The user profile should now have model deployment permissions.

After granting permissions to the domain or user profile, make sure that the user logs out of their Canvas application and logs back in to apply the permission changes.

Deploy a model

To get started with deploying your model, you create a new deployment in Canvas and specify the model version that you want to deploy along with the ML infrastructure, such as the type and number of compute instances that you would like to use for hosting the model.

Canvas suggests a default type and number of instances based on your model type, or you can learn more about the various SageMaker instance types on the Amazon SageMaker pricing page. You are charged based on the SageMaker instance pricing while your endpoint is active.

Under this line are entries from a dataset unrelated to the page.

(* Let $n\ge1$ and let $Q,Q'$ be key polynomials for $\nu$ of degree $n$ with $\nu(Q)<\nu(Q')$. For $f\in K[x]$ let $f=\sum_{i=0}^rf_iQ'^i$ be the $Q'$-expansion of $f$. Then \[ \nu_Q(f)=\min_{0\le i\le r}\nu_Q(f_iQ'^i). \]
   Context: Let $K$ be a field and $\nu$ a rank one valuation on $K[x]$ (values in $\mathbb{R}\cup\{\infty\}$). For $f\in K[x]$ and $b\ge 0$, $\partial_bf$ denotes the $b$-th Hasse derivative of $f$ (defined by $f(x+y)=\sum_b\partial_bf(x)y^b$). For nonconstant $f$ set $\epsilon(f)=\max_{1\le b\le\deg f}\frac{\nu(f)-\nu(\partial_bf)}{b}$ (with $\epsilon(c)=-\infty$ for constants $c$). A monic $Q\in K[x]$ is a key polynomial for $\nu$ if for every $f\in K[x]$, $\epsilon(f)\ge\epsilon(Q)$ implies $\deg f\ge\deg Q$. For a monic $Q$ of degree $n\ge1$, every $f\in K[x]$ has a unique $Q$-expansion $f=\sum_{i=0}^ra_iQ^i$ with $\deg a_i<n$, and the truncation is $\nu_Q(f)=\min_i\nu(a_iQ^i)$. *)

theory Defs
  imports "HOL-Computational_Algebra.Polynomial" "HOL-Library.Extended_Real"
begin

text \<open>A rank one valuation on K[x]: values in the reals together with \<infinity>
  (support allowed, i.e. nonzero polynomials may have value \<infinity>).\<close>
definition valuation :: "('a::field poly \<Rightarrow> ereal) \<Rightarrow> bool" where
  "valuation \<nu> \<longleftrightarrow>
     \<nu> 0 = \<infinity> \<and> \<nu> 1 = 0 \<and> (\<forall>f. \<nu> f \<noteq> -\<infinity>) \<and>
     (\<forall>f g. \<nu> (f * g) = \<nu> f + \<nu> g) \<and>
     (\<forall>f g. min (\<nu> f) (\<nu> g) \<le> \<nu> (f + g))"

text \<open>Hasse derivatives: f(x+y) = sum_b (hasse b f)(x) y^b. We view f(x+y) as a
  polynomial in the outer variable y with coefficients in K[x].\<close>
definition hasse :: "nat \<Rightarrow> 'a::comm_ring_1 poly \<Rightarrow> 'a poly" where
  "hasse b f = coeff (pcompose (map_poly (\<lambda>c. [:c:]) f) [: [:0, 1:], 1 :]) b"

definition eps :: "('a::field poly \<Rightarrow> ereal) \<Rightarrow> 'a poly \<Rightarrow> ereal" where
  "eps \<nu> f = (if degree f = 0 then -\<infinity>
     else Max ((\<lambda>b. (\<nu> f - \<nu> (hasse b f)) / ereal (real b)) ` {1..degree f}))"

definition key_poly :: "('a::field poly \<Rightarrow> ereal) \<Rightarrow> 'a poly \<Rightarrow> bool" where
  "key_poly \<nu> Q \<longleftrightarrow> lead_coeff Q = 1 \<and> (\<forall>f. eps \<nu> f \<ge> eps \<nu> Q \<longrightarrow> degree f \<ge> degree Q)"

text \<open>The i-th coefficient of the Q-expansion of f (the unique a_i with deg a_i < deg Q
  and f = sum a_i Q^i).\<close>
definition qexp_coeff :: "'a::field poly \<Rightarrow> 'a poly \<Rightarrow> nat \<Rightarrow> 'a poly" where
  "qexp_coeff Q f i = (f div Q ^ i) mod Q"

text \<open>Truncation nu_Q(f) = min_i nu(a_i Q^i); indices beyond the length of the
  expansion contribute a_i = 0, i.e. value \<infinity>.\<close>
definition trunc_val :: "('a::field poly \<Rightarrow> ereal) \<Rightarrow> 'a poly \<Rightarrow> 'a poly \<Rightarrow> ereal" where
  "trunc_val \<nu> Q f = (MIN i\<in>{..degree f}. \<nu> (qexp_coeff Q f i * Q ^ i))"

end

theory Submission
  imports Defs
begin

text \<open>
  Put \<open>h = Q' - Q\<close>; as \<open>Q, Q'\<close> are monic of degree \<open>n\<close>, \<open>deg h < n\<close>, and
  \<open>\<nu> Q < \<nu> Q'\<close> forces \<open>\<nu> h = \<nu> Q\<close>.  Since \<open>\<epsilon>(g) < \<epsilon>(Q)\<close> for every \<open>g\<close> of degree
  below \<open>n\<close>, comparing Hasse derivatives of order \<open>\<beta>\<close>, where \<open>\<beta>\<close> realises \<open>\<epsilon>(Q)\<close>, shows
  that for \<open>a, b\<close> of degree below \<open>n\<close> the quotient of \<open>a b\<close> by \<open>Q\<close> has value larger than
  \<open>\<nu>(a) + \<nu>(b) - \<nu>(Q)\<close>.  Hence \<open>\<nu>\<^sub>Q\<close> is ultrametric, \<open>\<nu>\<^sub>Q(x d) \<ge> \<nu>\<^sub>Q(x) + \<nu>(d)\<close> for
  \<open>deg d < n\<close>, and \<open>\<nu>\<^sub>Q(x Q\<^sup>j) = \<nu>\<^sub>Q(x) + j \<nu>(Q)\<close>.  Expanding \<open>a (Q + h)\<^sup>i\<close> binomially
  gives \<open>\<nu>\<^sub>Q(a Q'\<^sup>i) \<ge> \<nu>(a) + i \<nu>(Q)\<close>.  Conversely, each \<open>a h\<^sup>k\<close> agrees with a polynomial of
  degree below \<open>n\<close> and of the same value up to terms of larger \<open>\<nu>\<^sub>Q\<close>; so the terms
  \<open>a\<^sub>i Q'\<^sup>i\<close> of minimal value add up, modulo such terms, to a \<open>Q\<close>-expansion whose top
  coefficient has exactly that value, and the minimum is attained by \<open>\<nu>\<^sub>Q(f)\<close>.
\<close>

lemma ereal_diff_le_of_divide_le:
  fixes x y :: ereal
  assumes "(x - y) / ereal b \<le> ereal e" "0 < b" "y \<noteq> -\<infinity>"
  shows "x - ereal (b * e) \<le> y"
  using assms by (cases x; cases y) (auto simp: divide_le_eq mult.commute)

lemma ereal_diff_less_of_divide_less:
  fixes x y :: ereal
  assumes "(x - y) / ereal b < ereal e" "0 < b" "y \<noteq> -\<infinity>"
  shows "x - ereal (b * e) < y"
  using assms by (cases x; cases y) (auto simp: divide_less_eq mult.commute)

lemma ereal_eq_of_diff_divide_eq:
  "(ereal a - y) / ereal b = ereal e \<Longrightarrow> 0 < b \<Longrightarrow> y = ereal (a - b * e)"
  by (cases y) (auto simp: divide_eq_eq mult.commute)

lemma ereal_add_less_le_mono: "ereal x < u \<Longrightarrow> ereal y \<le> v \<Longrightarrow> ereal x + ereal y < u + v"
  by (cases u; cases v) auto

lemma degree_diff_less_if_lead_coeff_eq:
  fixes p q :: "'a::comm_ring_1 poly"
  assumes "degree p = n" "degree q = n" "lead_coeff p = lead_coeff q" "0 < n"
  shows "degree (p - q) < n"
proof -
  have "degree (p - q) \<le> n"
    using assms(1,2) by (intro degree_diff_le) simp_all
  moreover have "coeff (p - q) n = 0"
    using assms(1-3) by simp
  ultimately show ?thesis
    using assms(4) by (metis le_neq_implies_less leading_coeff_0_iff degree_0)
qed

lemma sum_sum_atMost_swap:
  fixes m :: nat
  assumes "finite S" "\<And>i. i \<in> S \<Longrightarrow> i \<le> m"
  shows "(\<Sum>i\<in>S. \<Sum>k\<le>i. f i k) = (\<Sum>k\<le>m. \<Sum>i\<in>{i \<in> S. k \<le> i}. f i k)"
proof -
  have "{k \<in> {..m}. k \<le> i} = {..i}" if "i \<in> S" for i
    using assms(2)[OF that] by auto
  then have "(\<Sum>i\<in>S. \<Sum>k\<le>i. f i k) = (\<Sum>i\<in>S. \<Sum>k\<in>{k \<in> {..m}. k \<le> i}. f i k)"
    by simp
  also have "\<dots> = (\<Sum>k\<le>m. \<Sum>i\<in>{i \<in> S. k \<le> i}. f i k)"
    using assms(1) by (rule sum.swap_restrict) simp
  finally show ?thesis .
qed

section \<open>Hasse derivatives and \<open>\<epsilon>\<close>\<close>

lemma map_poly_const_poly_add:
  "map_poly (\<lambda>c. [:c:]) (f + g) = map_poly (\<lambda>c. [:c:]) f + map_poly (\<lambda>c. [:c:]) g"
  by (rule poly_eqI) (simp add: coeff_map_poly)

lemma map_poly_const_poly_mult:
  "map_poly (\<lambda>c. [:c:]) (f * g) = map_poly (\<lambda>c. [:c:]) f * map_poly (\<lambda>c. [:c:]) g"
  by (rule poly_eqI)
    (simp add: coeff_map_poly coeff_mult sum_to_poly[symmetric] mult_to_poly mult_ac)

lemma hasse_add: "hasse b (f + g) = hasse b f + hasse b g"
  by (simp add: hasse_def map_poly_const_poly_add pcompose_add)

lemma hasse_mult: "hasse b (f * g) = (\<Sum>j\<le>b. hasse j f * hasse (b - j) g)"
  by (simp add: hasse_def map_poly_const_poly_mult pcompose_mult coeff_mult)

lemma hasse_0: "hasse 0 f = f"
proof -
  have "poly (map_poly (\<lambda>c. [:c:]) f) [:0, 1:] = f"
    by (induct f rule: pCons_induct) (simp_all add: map_poly_pCons)
  then show ?thesis
    by (simp add: hasse_def poly_0_coeff_0[symmetric] poly_pcompose)
qed

lemma hasse_zero [simp]: "hasse b 0 = 0"
  by (simp add: hasse_def)

lemma degree_map_poly_const_poly [simp]: "degree (map_poly (\<lambda>c. [:c:]) f) = degree f"
  by (rule degree_map_poly) simp

lemma degree_pcompose_hasse:
  "degree (pcompose (map_poly (\<lambda>c. [:c:]) f) [: [:0, 1:], 1 :]) = degree f"
  for f :: "'a::field poly"
  by (simp add: degree_pcompose)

When deploying JumpStart foundation models, you also have the option to specify the length of the deployment time. You can deploy the model to an endpoint indefinitely (meaning the endpoint is active until you delete the deployment). Or, if you only need the endpoint for a short period of time and would like to reduce costs, you can deploy the model to an endpoint for a specified amount of time, after which SageMaker shuts down the endpoint for you.

Note

If you deploy a model for a specified amount of time, stay logged in to the Canvas application for the duration of the endpoint. If you log out of or delete the application, then Canvas is unable to shut down the endpoint at the specified time.

After your model is deployed to a SageMaker Hosting real-time inference endpoint, you can begin making predictions by invoking the endpoint.

There are several different ways for you to deploy a model from the Canvas application. You can access the model deployment option through any of the following methods:

  • On the My models page of the Canvas application, choose the model that you want to deploy. Then, from the model’s Versions page, choose the More options icon ( Vertical ellipsis icon representing a menu or more options. ) next to a model version and select Deploy.

  • When on the details page for a model version, on the Analyze tab, choose the Deploy option.

  • When on the details page for a model version, on the Predict tab, choose the More options icon ( Vertical ellipsis icon representing a menu or more options. ) at the top of the page and select Deploy.

  • On the ML Ops page of the Canvas application, choose the Deployments tab and then choose Create deployment.

  • For JumpStart foundation models and fine-tuned foundation models, go to the Ready-to-use models page of the Canvas application. Choose Generate, extract and summarize content. Then, find the JumpStart foundation model or fine-tuned foundation model that you want to deploy. Choose the model, and on the model's chat page, choose the Deploy button.

All of these methods open the Deploy model side panel, where you specify the deployment configuration for your model. To deploy the model from this panel, do the following:

  1. (Optional) If you’re creating a deployment from the ML Ops page, you’ll have the option to Select model and version. Use the dropdown menus to select the model and model version that you want to deploy.

  2. Enter a name in the Deployment name field.

  3. (For JumpStart foundation models and fine-tuned foundation models only) Choose a Deployment length. Select Indefinite to leave the endpoint active until you shut it down, or select Specify length and then enter the period of time for which you want the endpoint to remain active.

  4. For Instance type, SageMaker detects a default instance type and number that is suitable for your model. However, you can change the instance type that you would like to use for hosting your model.

    Note

    If you run out of the instance quota for the chosen instance type on your AWS account, you can request a quota increase. For more information about the default quotas and how to request an increase, see Amazon SageMaker endpoints and quotas in the AWS General Reference guide.

  5. For Instance count, you can set the number of active instances that are used for your endpoint. SageMaker detects a default number that is suitable for your model, but you can change this number.

  6. When you’re ready to deploy your model, choose Deploy.

Your model should now be deployed to an endpoint.